(* Let $K,N_\text{t}\ge1$, let $\mathbf{h}_1,\dots,\mathbf{h}_K\in\mathbb{C}^{N_\text{t}}$, let $\mathbf{H}\triangleq[\mathbf{h}_1,\dots,\mathbf{h}_K]\in\mathbb{C}^{N_\text{t}\times K}$ and let $\mathcal{S}\triangleq\mathrm{col}(\mathbf{H})$ be its column space. Let $\lambda\in[0,1]$, $T_w>0$, $\eta_{\mathrm{BS}}\in(0,1]$, $P_{w,0}>0$, $P_{w,\max}>0$, $a_{\max}>0$, $\beta_{\max}>0$, and for each $k$ let $u_k>0$ and $\chi_k\ge0$. Consider the problem (P2) \[ \underset{\mathbf{f}\in\mathbb{C}^{N_\text{t}}}{\text{minimize}}~F(\mathbf{f})\triangleq\lambda\frac{T_w}{\eta_{\mathrm{BS}}}P_{w,0}\|\mathbf{f}\|_2^2+(1-\lambda)\sum_{k=1}^K\frac{\chi_k}{|\mathbf{h}_k^{\mathsf H}\mathbf{f}|^2} \] subject to $|\mathbf{h}_k^{\mathsf H}\mathbf{f}|^2\ge u_k^2/\beta_{\max}^2$ for all $k$, $P_{w,0}\|\mathbf{f}\|_2^2\le P_{w,\max}$, and $|\mathbf{h}_k^{\mathsf H}\mathbf{f}|\le a_{\max}$ for all $k$. For any point $\mathbf{f}^{(i)}\in\mathbb{C}^{N_\text{t}}$, write $a_k^{(i)}=\mathbf{h}_k^{\mathsf H}\mathbf{f}^{(i)}$ and define the affine function \[ \underline{u}_k^{(i)}(\mathbf{f})\triangleq|a_k^{(i)}|^2+2\Re\{(a_k^{(i)})^\ast(\mathbf{h}_k^{\mathsf H}\mathbf{f}-a_k^{(i)})\}, \] and consider the subproblem (P2-SCA) \[ \underset{\mathbf{f}\in\mathbb{C}^{N_\text{t}}}{\text{minimize}}~\lambda\frac{T_w}{\eta_{\mathrm{BS}}}P_{w,0}\|\mathbf{f}\|_2^2+(1-\lambda)\sum_{k=1}^K\frac{\chi_k}{\underline{u}_k^{(i)}(\mathbf{f})} \] subject to $\underline{u}_k^{(i)}(\mathbf{f})\ge u_k^2/\beta_{\max}^2$ for all $k$, $P_{w,0}\|\mathbf{f}\|_2^2\le P_{w,\max}$, and $|\mathbf{h}_k^{\mathsf H}\mathbf{f}|\le a_{\max}$ for all $k$. Then: if (P2) is feasible, its minimum value is attained and at least one minimizer lies in $\mathcal{S}$. Moreover, for any $\mathbf{f}^{(i)}$, if (P2-SCA) is feasible, it has a minimizer in $\mathcal{S}$.
   Context: $(\cdot)^{\mathsf H}$ denotes Hermitian transpose, $(\cdot)^\ast$ complex conjugate, $\Re\{\cdot\}$ real part, $\|\cdot\|_2$ the Euclidean norm. In the paper, $\chi_k=c_ku_k^2$ with $c_k>0$, $\mathbf{f}$ is the BS beamformer, and $\mathbf{f}^{(i)}$ is the current iterate of a successive convex approximation scheme. *)

theory Defs
  imports "HOL-Analysis.Analysis"
begin

definition herm :: "complex ^ 'n \<Rightarrow> complex ^ 'n \<Rightarrow> complex" where
  "herm h f = (\<Sum>j\<in>UNIV. cnj (h $ j) * f $ j)"

definition colspace :: "('k::finite \<Rightarrow> complex ^ 'n) \<Rightarrow> (complex ^ 'n) set" where
  "colspace h = {f. \<exists>c :: 'k \<Rightarrow> complex. f = (\<Sum>k\<in>UNIV. c k *s h k)}"

definition F_P2 :: "real \<Rightarrow> real \<Rightarrow> real \<Rightarrow> real \<Rightarrow> ('k::finite \<Rightarrow> real)
    \<Rightarrow> ('k \<Rightarrow> complex ^ 'n) \<Rightarrow> complex ^ 'n \<Rightarrow> real" where
  "F_P2 lam Tw eta Pw0 chi h f =
     lam * (Tw / eta) * Pw0 * (norm f)^2
     + (1 - lam) * (\<Sum>k\<in>UNIV. chi k / (cmod (herm (h k) f))^2)"

definition feasible_P2 :: "real \<Rightarrow> real \<Rightarrow> real \<Rightarrow> real \<Rightarrow> ('k::finite \<Rightarrow> real)
    \<Rightarrow> ('k \<Rightarrow> complex ^ 'n) \<Rightarrow> complex ^ 'n \<Rightarrow> bool" where
  "feasible_P2 Pw0 Pwmax amax betamax u h f \<longleftrightarrow>
     (\<forall>k. (cmod (herm (h k) f))^2 \<ge> (u k)^2 / betamax^2)
     \<and> Pw0 * (norm f)^2 \<le> Pwmax
     \<and> (\<forall>k. cmod (herm (h k) f) \<le> amax)"

definition ulin :: "complex ^ 'n \<Rightarrow> complex ^ 'n \<Rightarrow> complex ^ 'n \<Rightarrow> real" where
  "ulin hk fi f = (let a = herm hk fi in
     (cmod a)^2 + 2 * Re (cnj a * (herm hk f - a)))"

definition F_SCA :: "real \<Rightarrow> real \<Rightarrow> real \<Rightarrow> real \<Rightarrow> ('k::finite \<Rightarrow> real)
    \<Rightarrow> ('k \<Rightarrow> complex ^ 'n) \<Rightarrow> complex ^ 'n \<Rightarrow> complex ^ 'n \<Rightarrow> real" where
  "F_SCA lam Tw eta Pw0 chi h fi f =
     lam * (Tw / eta) * Pw0 * (norm f)^2
     + (1 - lam) * (\<Sum>k\<in>UNIV. chi k / ulin (h k) fi f)"

definition feasible_SCA :: "real \<Rightarrow> real \<Rightarrow> real \<Rightarrow> real \<Rightarrow> ('k::finite \<Rightarrow> real)
    \<Rightarrow> ('k \<Rightarrow> complex ^ 'n) \<Rightarrow> complex ^ 'n \<Rightarrow> complex ^ 'n \<Rightarrow> bool" where
  "feasible_SCA Pw0 Pwmax amax betamax u h fi f \<longleftrightarrow>
     (\<forall>k. ulin (h k) fi f \<ge> (u k)^2 / betamax^2)
     \<and> Pw0 * (norm f)^2 \<le> Pwmax
     \<and> (\<forall>k. cmod (herm (h k) f) \<le> amax)"

end

theory Submission imports Defs begin

text \<open>
  Both problems depend on a beamformer \<open>f\<close> only through the responses \<open>h\<^sub>k\<^sup>H f\<close>
  and through \<open>\<parallel>f\<parallel>\<close>, monotonically in the latter. Viewing \<open>\<complex>\<^sup>N\<close> as a real inner
  product space, \<open>Re (h\<^sup>H f)\<close> and \<open>Im (h\<^sup>H f)\<close> are the inner products of \<open>f\<close> with
  \<open>h\<close> and \<open>\<i> h\<close>, so the orthogonal projection onto the real span of all \<open>h\<^sub>k\<close> and
  \<open>\<i> h\<^sub>k\<close> (which lies in \<open>col(H)\<close>) preserves every response and does not increase
  the norm. The power budget makes the feasible sets compact, and the lower bounds
  on the responses keep the objectives continuous on them; hence a minimizer exists,
  and its projection is again a minimizer.
\<close>

lemma bounded_linear_herm: "bounded_linear (herm h)"
  unfolding herm_def by (intro bounded_linear_intros bounded_linear_vec_nth)

lemma Re_herm: "Re (herm h z) = inner h z"
  by (simp add: herm_def inner_vec_def inner_complex_def Re_sum)

lemma Im_herm: "Im (herm h z) = inner (\<i> *s h) z"
  by (simp add: herm_def inner_vec_def inner_complex_def Im_sum)

lemma herm_eq_0_if_orthogonal:
  assumes "orthogonal h z" and "orthogonal (\<i> *s h) z"
  shows "herm h z = 0"
  using assms by (simp add: complex_eq_iff Re_herm Im_herm orthogonal_def)

lemma subspace_colspace: "subspace (colspace h)"
  unfolding subspace_def
proof (intro conjI ballI allI)
  show "0 \<in> colspace h"
    unfolding colspace_def by (auto intro: exI[of _ "\<lambda>_. 0"])
next
  fix x y
  assume "x \<in> colspace h" "y \<in> colspace h"
  then obtain a b where "x = (\<Sum>k\<in>UNIV. a k *s h k)" "y = (\<Sum>k\<in>UNIV. b k *s h k)"
    unfolding colspace_def by blast
  then have "x + y = (\<Sum>k\<in>UNIV. (a k + b k) *s h k)"
    by (simp add: vector_sadd_rdistrib sum.distrib)
  then show "x + y \<in> colspace h"
    unfolding colspace_def mem_Collect_eq by (rule exI[of _ "\<lambda>k. a k + b k"])
next
  fix r :: real and x
  assume "x \<in> colspace h"
  then obtain a where "x = (\<Sum>k\<in>UNIV. a k *s h k)"
    unfolding colspace_def by blast
  moreover have scaleR_smult: "r *\<^sub>R (c *s v) = (of_real r * c) *s v" for c and v :: "complex ^ 'n"
    by (simp add: vec_eq_iff) (simp add: scaleR_conv_of_real)
  ultimately have "r *\<^sub>R x = (\<Sum>k\<in>UNIV. (of_real r * a k) *s h k)"
    by (simp only: scaleR_sum_right scaleR_smult)
  then show "r *\<^sub>R x \<in> colspace h"
    unfolding colspace_def mem_Collect_eq by (rule exI[of _ "\<lambda>k. of_real r * a k"])
qed

lemma scaled_column_in_colspace: "c *s h k \<in> colspace h"
proof -
  have "(\<Sum>j\<in>UNIV. (if j = k then c else 0) *s h j) = (\<Sum>j\<in>UNIV. if j = k then c *s h j else 0)"
    by (rule sum.cong) auto
  then have "c *s h k = (\<Sum>j\<in>UNIV. (if j = k then c else 0) *s h j)"
    by simp
  then show ?thesis
    unfolding colspace_def mem_Collect_eq by (rule exI[of _ "\<lambda>j. if j = k then c else 0"])
qed

lemma colspace_projection_exists:
  fixes h :: "'k::finite \<Rightarrow> complex ^ 'n"
  shows "\<exists>p\<in>colspace h. (\<forall>k. herm (h k) p = herm (h k) f) \<and> norm p \<le> norm f"
proof -
  define B where "B = range h \<union> range (\<lambda>k. \<i> *s h k)"
  obtain p z where p: "p \<in> span B" and z: "\<And>w. w \<in> span B \<Longrightarrow> orthogonal z w"
    and f: "f = p + z"
    using orthogonal_subspace_decomp_exists[of B f] by blast
  have "B \<subseteq> colspace h"
    unfolding B_def using scaled_column_in_colspace[of 1] scaled_column_in_colspace[of \<i>] by auto
  then have p_colspace: "p \<in> colspace h"
    using p span_minimal[OF _ subspace_colspace] by blast
  have "herm (h k) z = 0" for k
  proof (rule herm_eq_0_if_orthogonal)
    have "h k \<in> span B" "\<i> *s h k \<in> span B"
      unfolding B_def by (simp_all add: span_base)
    then show "orthogonal (h k) z" "orthogonal (\<i> *s h k) z"
      using z orthogonal_commute by blast+
  qed
  then have same_response: "herm (h k) p = herm (h k) f" for k
    by (simp add: f linear_add[OF bounded_linear.linear[OF bounded_linear_herm]])
  have "(norm f)\<^sup>2 = (norm p)\<^sup>2 + (norm z)\<^sup>2"
    unfolding f using z[OF p] by (intro norm_add_Pythagorean) (simp add: orthogonal_commute)
  then have "(norm p)\<^sup>2 \<le> (norm f)\<^sup>2"
    by simp
  then have "norm p \<le> norm f"
    by (rule power2_le_imp_le) simp
  with p_colspace same_response show ?thesis
    by blast
qed

lemma colspace_minimizer_exists:
  fixes h :: "'k::finite \<Rightarrow> complex ^ 'n" and J :: "complex ^ 'n \<Rightarrow> real"
  assumes "compact S" and "S \<noteq> {}" and "continuous_on S J"
    and invariant: "\<And>f p. f \<in> S \<Longrightarrow> (\<And>k. herm (h k) p = herm (h k) f) \<Longrightarrow> norm p \<le> norm f
      \<Longrightarrow> p \<in> S \<and> J p \<le> J f"
  shows "\<exists>fopt\<in>colspace h. fopt \<in> S \<and> (\<forall>f\<in>S. J fopt \<le> J f)"
proof -
  obtain fmin where fmin: "fmin \<in> S" "\<And>f. f \<in> S \<Longrightarrow> J fmin \<le> J f"
    using continuous_attains_inf[OF assms(1-3)] by blast
  obtain p where "p \<in> colspace h" "\<And>k. herm (h k) p = herm (h k) fmin" "norm p \<le> norm fmin"
    using colspace_projection_exists by blast
  moreover from this have "p \<in> S" "J p \<le> J fmin"
    using invariant[OF fmin(1)] by blast+
  ultimately show ?thesis
    using fmin(2) by (blast intro: order_trans)
qed

lemma response_problem_has_colspace_minimizer:
  fixes h :: "'k::finite \<Rightarrow> complex ^ 'n" and g :: "'k \<Rightarrow> complex \<Rightarrow> real"
  assumes g: "\<And>k. continuous_on UNIV (g k)"
    and c: "\<And>k. c k > 0" and "A \<ge> 0" and "Pz > 0"
    and feasible_iff: "\<And>f. feasible f \<longleftrightarrow> (\<forall>k. c k \<le> g k (herm (h k) f))
                     \<and> Pz * (norm f)\<^sup>2 \<le> Pmax \<and> (\<forall>k. cmod (herm (h k) f) \<le> amax)"
    and J: "\<And>f. J f = A * (norm f)\<^sup>2 + B * (\<Sum>k\<in>UNIV. chi k / g k (herm (h k) f))"
    and "\<exists>f. feasible f"
  shows "\<exists>fopt\<in>colspace h. feasible fopt \<and> (\<forall>f. feasible f \<longrightarrow> J fopt \<le> J f)"
proof -
  define S where "S = Collect feasible"
  have herm_cont: "continuous_on UNIV (herm (h k))" for k
    by (simp add: linear_continuous_on bounded_linear_herm)
  have response_cont: "continuous_on UNIV (\<lambda>f. g k (herm (h k) f))" for k
    using continuous_on_compose2[OF g herm_cont] by simp
  have "closed S"
    unfolding S_def feasible_iff
    by (intro closed_Collect_conj closed_Collect_all closed_Collect_le continuous_intros
        response_cont herm_cont)
  moreover have "bounded S"
  proof -
    have "norm f \<le> sqrt (Pmax / Pz)" if "f \<in> S" for f
      using that \<open>Pz > 0\<close> by (simp add: S_def feasible_iff real_le_rsqrt pos_le_divide_eq mult.commute)
    then show ?thesis
      unfolding bounded_iff by blast
  qed
  ultimately have compact: "compact S"
    by (simp add: compact_eq_bounded_closed)
  have nonempty: "S \<noteq> {}"
    using \<open>\<exists>f. feasible f\<close> by (simp add: S_def)
  have "g k (herm (h k) f) \<noteq> 0" if "f \<in> S" for f k
  proof -
    have "c k \<le> g k (herm (h k) f)"
      using that by (simp add: S_def feasible_iff)
    with c[of k] show ?thesis by linarith
  qed
  then have continuous: "continuous_on S J"
    unfolding J[abs_def] by (intro continuous_intros continuous_on_subset[OF response_cont]) auto
  have invariant: "p \<in> S \<and> J p \<le> J f"
    if "f \<in> S" "\<And>k. herm (h k) p = herm (h k) f" "norm p \<le> norm f" for f p
  proof -
    have "(norm p)\<^sup>2 \<le> (norm f)\<^sup>2"
      using \<open>norm p \<le> norm f\<close> by (simp add: power_mono)
    then have "Pz * (norm p)\<^sup>2 \<le> Pz * (norm f)\<^sup>2" and "A * (norm p)\<^sup>2 \<le> A * (norm f)\<^sup>2"
      using \<open>A \<ge> 0\<close> \<open>Pz > 0\<close> by (simp_all add: mult_left_mono)
    with that show ?thesis
      by (auto simp: S_def feasible_iff J)
  qed
  have "\<exists>fopt\<in>colspace h. fopt \<in> S \<and> (\<forall>f\<in>S. J fopt \<le> J f)"
    using compact nonempty continuous invariant by (rule colspace_minimizer_exists)
  then show ?thesis
    unfolding S_def by blast
qed

theorem lemma2:
  fixes h :: "'k::finite \<Rightarrow> complex ^ 'n"
    and lam Tw eta Pw0 Pwmax amax betamax :: real
    and u chi :: "'k \<Rightarrow> real"
  assumes "0 \<le> lam" "lam \<le> 1" "Tw > 0" "0 < eta" "eta \<le> 1"
    and "Pw0 > 0" "Pwmax > 0" "amax > 0" "betamax > 0"
    and "\<And>k. u k > 0" "\<And>k. chi k \<ge> 0"
  shows "((\<exists>f. feasible_P2 Pw0 Pwmax amax betamax u h f) \<longrightarrow>
           (\<exists>fopt \<in> colspace h. feasible_P2 Pw0 Pwmax amax betamax u h fopt \<and>
              (\<forall>f. feasible_P2 Pw0 Pwmax amax betamax u h f \<longrightarrow>
                   F_P2 lam Tw eta Pw0 chi h fopt \<le> F_P2 lam Tw eta Pw0 chi h f)))
       \<and> (\<forall>fi. (\<exists>f. feasible_SCA Pw0 Pwmax amax betamax u h fi f) \<longrightarrow>
           (\<exists>fopt \<in> colspace h. feasible_SCA Pw0 Pwmax amax betamax u h fi fopt \<and>
              (\<forall>f. feasible_SCA Pw0 Pwmax amax betamax u h fi f \<longrightarrow>
                   F_SCA lam Tw eta Pw0 chi h fi fopt \<le> F_SCA lam Tw eta Pw0 chi h fi f)))"
proof -
  have A: "lam * (Tw / eta) * Pw0 \<ge> 0"
    using assms by simp
  have c: "(u k)\<^sup>2 / betamax\<^sup>2 > 0" for k
    using assms(9) assms(10)[of k] by simp
  show ?thesis
  proof (intro conjI allI impI)
    assume "\<exists>f. feasible_P2 Pw0 Pwmax amax betamax u h f"
    then show "\<exists>fopt \<in> colspace h. feasible_P2 Pw0 Pwmax amax betamax u h fopt \<and>
        (\<forall>f. feasible_P2 Pw0 Pwmax amax betamax u h f \<longrightarrow>
             F_P2 lam Tw eta Pw0 chi h fopt \<le> F_P2 lam Tw eta Pw0 chi h f)"
      by (intro response_problem_has_colspace_minimizer[where g = "\<lambda>_ z. (cmod z)\<^sup>2",
            OF _ c A \<open>Pw0 > 0\<close>])
        (simp_all add: continuous_intros feasible_P2_def F_P2_def)
  next
    fix fi
    assume "\<exists>f. feasible_SCA Pw0 Pwmax amax betamax u h fi f"
    then show "\<exists>fopt \<in> colspace h. feasible_SCA Pw0 Pwmax amax betamax u h fi fopt \<and>
        (\<forall>f. feasible_SCA Pw0 Pwmax amax betamax u h fi f \<longrightarrow>
             F_SCA lam Tw eta Pw0 chi h fi fopt \<le> F_SCA lam Tw eta Pw0 chi h fi f)"
      by (intro response_problem_has_colspace_minimizer[where
            g = "\<lambda>k z. let a = herm (h k) fi in (cmod a)\<^sup>2 + 2 * Re (cnj a * (z - a))",
            OF _ c A \<open>Pw0 > 0\<close>])
        (simp_all add: continuous_intros feasible_SCA_def F_SCA_def ulin_def Let_def)
  qed
qed

end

***

=== What you need to do ===
Looking at the records above, please output exactly the lines that run from the one holding "proof (intro conjI allI impI)" to the final line, and only those.

=== Output below ===
  proof (intro conjI allI impI)
    assume "\<exists>f. feasible_P2 Pw0 Pwmax amax betamax u h f"
    then show "\<exists>fopt \<in> colspace h. feasible_P2 Pw0 Pwmax amax betamax u h fopt \<and>
        (\<forall>f. feasible_P2 Pw0 Pwmax amax betamax u h f \<longrightarrow>
             F_P2 lam Tw eta Pw0 chi h fopt \<le> F_P2 lam Tw eta Pw0 chi h f)"
      by (intro response_problem_has_colspace_minimizer[where g = "\<lambda>_ z. (cmod z)\<^sup>2",
            OF _ c A \<open>Pw0 > 0\<close>])
        (simp_all add: continuous_intros feasible_P2_def F_P2_def)
  next
    fix fi
    assume "\<exists>f. feasible_SCA Pw0 Pwmax amax betamax u h fi f"
    then show "\<exists>fopt \<in> colspace h. feasible_SCA Pw0 Pwmax amax betamax u h fi fopt \<and>
        (\<forall>f. feasible_SCA Pw0 Pwmax amax betamax u h fi f \<longrightarrow>
             F_SCA lam Tw eta Pw0 chi h fi fopt \<le> F_SCA lam Tw eta Pw0 chi h fi f)"
      by (intro response_problem_has_colspace_minimizer[where
            g = "\<lambda>k z. let a = herm (h k) fi in (cmod a)\<^sup>2 + 2 * Re (cnj a * (z - a))",
            OF _ c A \<open>Pw0 > 0\<close>])
        (simp_all add: continuous_intros feasible_SCA_def F_SCA_def ulin_def Let_def)
  qed
qed

end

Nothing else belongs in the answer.